Office 2007 Update Will Take A Lot Of Getting Used To

Get ready for Office 2007, the most sweeping update to Microsoft’s popular suite of productivity applications.

An extensive re-education awaits those who will upgrade to the new Office 2007. It’s truly a redesign. The menu bar and navigation buttons for Word, Excel and PowerPoint, for example, look completely different.

But before buying, I’d suggest you do think about whether you’re willing to spend the time learning new ways of doing things. Office 2007 has a great many new features and controls.

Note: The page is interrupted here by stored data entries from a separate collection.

theorem theorem3p1:
  fixes \<mu> \<nu> \<nu>' \<nu>t :: "'a::metric_space measure"
    and p k \<delta> :: real
  assumes diam: "\<forall>x y :: 'a. dist x y \<le> 1"
    and mu: "prob_space \<mu>" "sets \<mu> = sets (borel :: 'a measure)"
    and nu: "prob_space \<nu>" "sets \<nu> = sets (borel :: 'a measure)"
    and nu': "prob_space \<nu>'" "sets \<nu>' = sets (borel :: 'a measure)"
    and p: "p \<ge> 1" and k: "k \<ge> 0" and delta: "0 < \<delta>" "\<delta> < 1"
    and nut_sets: "sets \<nu>t = sets (borel :: 'a measure)"
    and nut: "\<forall>A \<in> sets (borel :: 'a measure).
               emeasure \<nu>t A = ennreal (1 - \<delta>) * emeasure \<nu> A + ennreal \<delta> * emeasure \<nu>' A"
  shows "RPW p k \<mu> \<nu> - \<delta> \<le> RPW p k \<mu> \<nu>t
         \<and> RPW p k \<mu> \<nu>t \<le> (1 - \<delta>) * RPW p k \<mu> \<nu> + \<delta>"
proof -
  have p_pos: "p > 0" using p by simp
  have dominated: "ennreal (1 - \<delta>) * emeasure \<nu> A \<le> emeasure \<nu>t A" if "A \<in> sets borel" for A
    using nut that by (simp add: le_iff_add)
  have "emeasure \<nu>t (space \<nu>t) = 1"
    using nut[rule_format, of UNIV] delta prob_space.emeasure_space_1[OF nu(1)]
      prob_space.emeasure_space_1[OF nu'(1)] nu(2) nu'(2) nut_sets
    by (simp add: sets_eq_imp_space_eq flip: ennreal_plus)
  then have "prob_space \<nu>t" by (rule prob_spaceI)
  then show ?thesis
    using RPW_mixture_lower[OF diam p_pos k nu _ nut_sets, of \<delta>] RPW_mixture_upper[OF diam p_pos k, of \<delta>]
      delta dominated by auto
qed

end
(* Let $G$ be a nilpotent Lie group of dimension $2n$ with a left-invariant $\mathrm{SL}(n,\mathbb{R})$-structure whose underlying almost paracomplex structure is integrable (paracomplex). Then its associated one-forms satisfy \[\lambda=\frac{n-1}{n}\,(f_8-f_4).\]
   Context: An $\mathrm{SL}(n,\mathbb{R})$-structure on a $2n$-manifold is a splitting $TM=V\oplus H$ into rank-$n$ distributions, $K=\mathrm{id}_V-\mathrm{id}_H$, a neutral metric $g$ with $g(KX,KY)=-g(X,Y)$, and forms $F,\alpha,\beta$ such that locally there are coframes $e^1,\dots,e^{2n}$ with $V=\{e^{n+1}=\dots=e^{2n}=0\}$, $H=\{e^1=\dots=e^n=0\}$, $g=\sum_i(e^i\otimes e^{n+i}+e^{n+i}\otimes e^i)$, $F=\sum_ie^i\wedge e^{n+i}$, $\alpha=e^1\wedge\dots\wedge e^n$, $\beta=e^{n+1}\wedge\dots\wedge e^{2n}$; $(e_I)$ is the dual frame. It is paracomplex if $V$ and $H$ are integrable. Forms split by type $\Lambda^{p,q}$ ($p$ factors among $e^1,\dots,e^n$, $q$ among $e^{n+1},\dots,e^{2n}$). The one-form $\lambda$ is $\lambda(X)=\frac1n\sum_{i=1}^ng(\nabla_Xe_i,e_{n+i})$, $\nabla$ the Levi-Civita connection. For $\gamma\in\Lambda^{2,1}\oplus\Lambda^{1,2}$ set $\Lambda(\gamma)=-\frac1{n-1}\sum_{i=1}^n e_i\lrcorner(e_{n+i}\lrcorner\gamma)$, and define $f_4=-\frac12\Lambda\big((dF)^{1,2}\big)\in\Lambda^{0,1}$ and $f_8=-\frac12\Lambda\big((dF)^{2,1}\big)\in\Lambda^{1,0}$. *)

theory Defs
  imports Complex_Main
begin

text \<open>Left-invariant objects on a Lie group of dimension N = 2n are encoded on its Lie
algebra, with respect to a left-invariant adapted frame e_0,...,e_{N-1}
(e_0..e_{n-1} span V, e_n..e_{2n-1} span H).  The Lie algebra is given by structure
constants: [e_i, e_j] = sum_k c i j k e_k.  Vectors are functions nat => real,
the components with index >= N being irrelevant.\<close>

definition basis_vec :: "nat \<Rightarrow> nat \<Rightarrow> real" where
  "basis_vec a = (\<lambda>k. if k = a then 1 else 0)"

There’s something else that’s very different: Microsoft uses a different format to save files with Office 2007 that, without a special viewer that will have to be downloaded, makes them unreadable with earlier versions. When saving a document with Office 2007, you have the option of saving as a previous version — which makes them compatible with earlier versions — but I’m betting this change alone is going to cause massive amounts of confusion among the early adapters.

That said, the beta of Office 2007 that I’ve been testing for the past couple of weeks is faster, more powerful and lots more intuitive and interconnected to other programs and files. Once you figure it out.

There are lots of subtle new features, too, like built-in blogging functionality and something called the ribbon that replaces the traditional toolbar and gives greater control over each program’s various functions.

Office 2007 is the biggest change Microsoft has ever made to the interconnected suite of software tools so many of us depend upon.

So big, it’s going to take a learning curve to master.

Buying Office 2007 also promises to be confusing. There will be no fewer than eight versions to choose from, all aimed at different markets ranging from home and student users, to small businesses, midsized companies and corporate conglomerates. Depending on what software you have bundled into Office, the prices will range from $147 to $679.